Mattress Run

hotels and writing spaces

Absent lackluster hotel rooms, I don’t know that I ever would have finished writing a book.

Things I love about cities: endless walking. Lunches alone and quick snacks. Museums and architecture. Endless exploring. But also: quiet rooms in hotels, chambers that could be anywhere except for when you look out the window and maybe if you’re lucky you glimpse something that anchors you in a specific place — at least until you turn back to the room and see that print that you’ve seen in so many other hotel rooms. Today I’m in a room in an industrial park in south Tempe. It’s near where I work, and near where I live, but I am at this hotel today on a writer’s retreat. I need to finish two projects. And also, I am only one night way from renewing my status with Marriott, and for $87 at a Fairfield Inn at an industrial park, that guarantee of 4 PM check-outs for another year seems like a bargain.

So, I’ve spent the day writing.
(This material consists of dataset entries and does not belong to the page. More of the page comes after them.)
lemma signed_d_three_term:
  assumes "a \<in> {1..n}" "b \<in> {1..n}" "c \<in> {1..n}" "a \<noteq> b" "a \<noteq> c" "b \<noteq> c"
  shows "(signed_d n b c (signed_d n a b F) w - signed_d n a b (signed_d n b c F) w)
       + (signed_d n b a (signed_d n a c F) w - signed_d n a c (signed_d n b a F) w)
       + (signed_d n b c (signed_d n a c F) w - signed_d n a c (signed_d n b c F) w) = 0"
proof -
  note rel = d_act_three_term_1 d_act_three_term_2
  consider "a < b" "b < c" | "a < c" "c < b" | "b < a" "a < c" | "b < c" "c < a"
    | "c < a" "a < b" | "c < b" "b < a"
    using assms by linarith
  then show ?thesis
  proof cases
    case 1
    then show ?thesis using assms rel[of a b c n F w]
      by (simp add: signed_d_def op_neg_def d_act_uminus algebra_simps)
  next
    case 2
    then show ?thesis using assms rel[of a c b n F w]
      by (simp add: signed_d_def op_neg_def d_act_uminus algebra_simps)
  next
    case 3
    then show ?thesis using assms rel[of b a c n F w]
      by (simp add: signed_d_def op_neg_def d_act_uminus algebra_simps)
  next
    case 4
    then show ?thesis using assms rel[of b c a n F w]
      by (simp add: signed_d_def op_neg_def d_act_uminus algebra_simps)
  next
    case 5
    then show ?thesis using assms rel[of c a b n F w]
      by (simp add: signed_d_def op_neg_def d_act_uminus algebra_simps)
  next
    case 6
    then show ?thesis using assms rel[of c b a n F w]
      by (simp add: signed_d_def op_neg_def d_act_uminus algebra_simps)
  qed
qed

lemma theta_op_theta_op_eq:
  assumes "a \<in> {1..n}" "b \<in> {1..n}"
  shows "theta_op n b (theta_op n a F) w
           = (\<Sum>k\<in>{1..n} - {a}. \<Sum>l\<in>{1..n} - {b}. signed_d n b l (signed_d n a k F) w)"
proof -
  have "theta_op n a F = (\<lambda>v. \<Sum>k\<in>{1..n} - {a}. signed_d n a k F v)"
    using assms by (simp add: fun_eq_iff theta_op_eq_signed_sum)
  then have "theta_op n b (theta_op n a F) w
      = (\<Sum>l\<in>{1..n} - {b}. \<Sum>k\<in>{1..n} - {a}. signed_d n b l (signed_d n a k F) w)"
    using assms by (simp add: theta_op_eq_signed_sum signed_d_sum)
  then show ?thesis by (simp only: sum.swap[of _ "{1..n} - {b}"])
qed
A hotel room that could be anywhere helps with focus: there is no dog to invite me to another walk, no snacks calling from another part of the house or building, no distractions of the bookcase or the outdoors, just a room with blue carpet and taupe walls to engender a focus that seems to propel the words from me.

In my current life I spend most of my day at an office. I am fond of the place, it has been good to me, and I like the people I work with, but I am always on. The creativity that silence breeds can be elusive. Finding time and motive to write is challenging. But not today. I am on a mattress run become a writer’s retreat, and I’ve never appreciated an industrial park hotel room so much.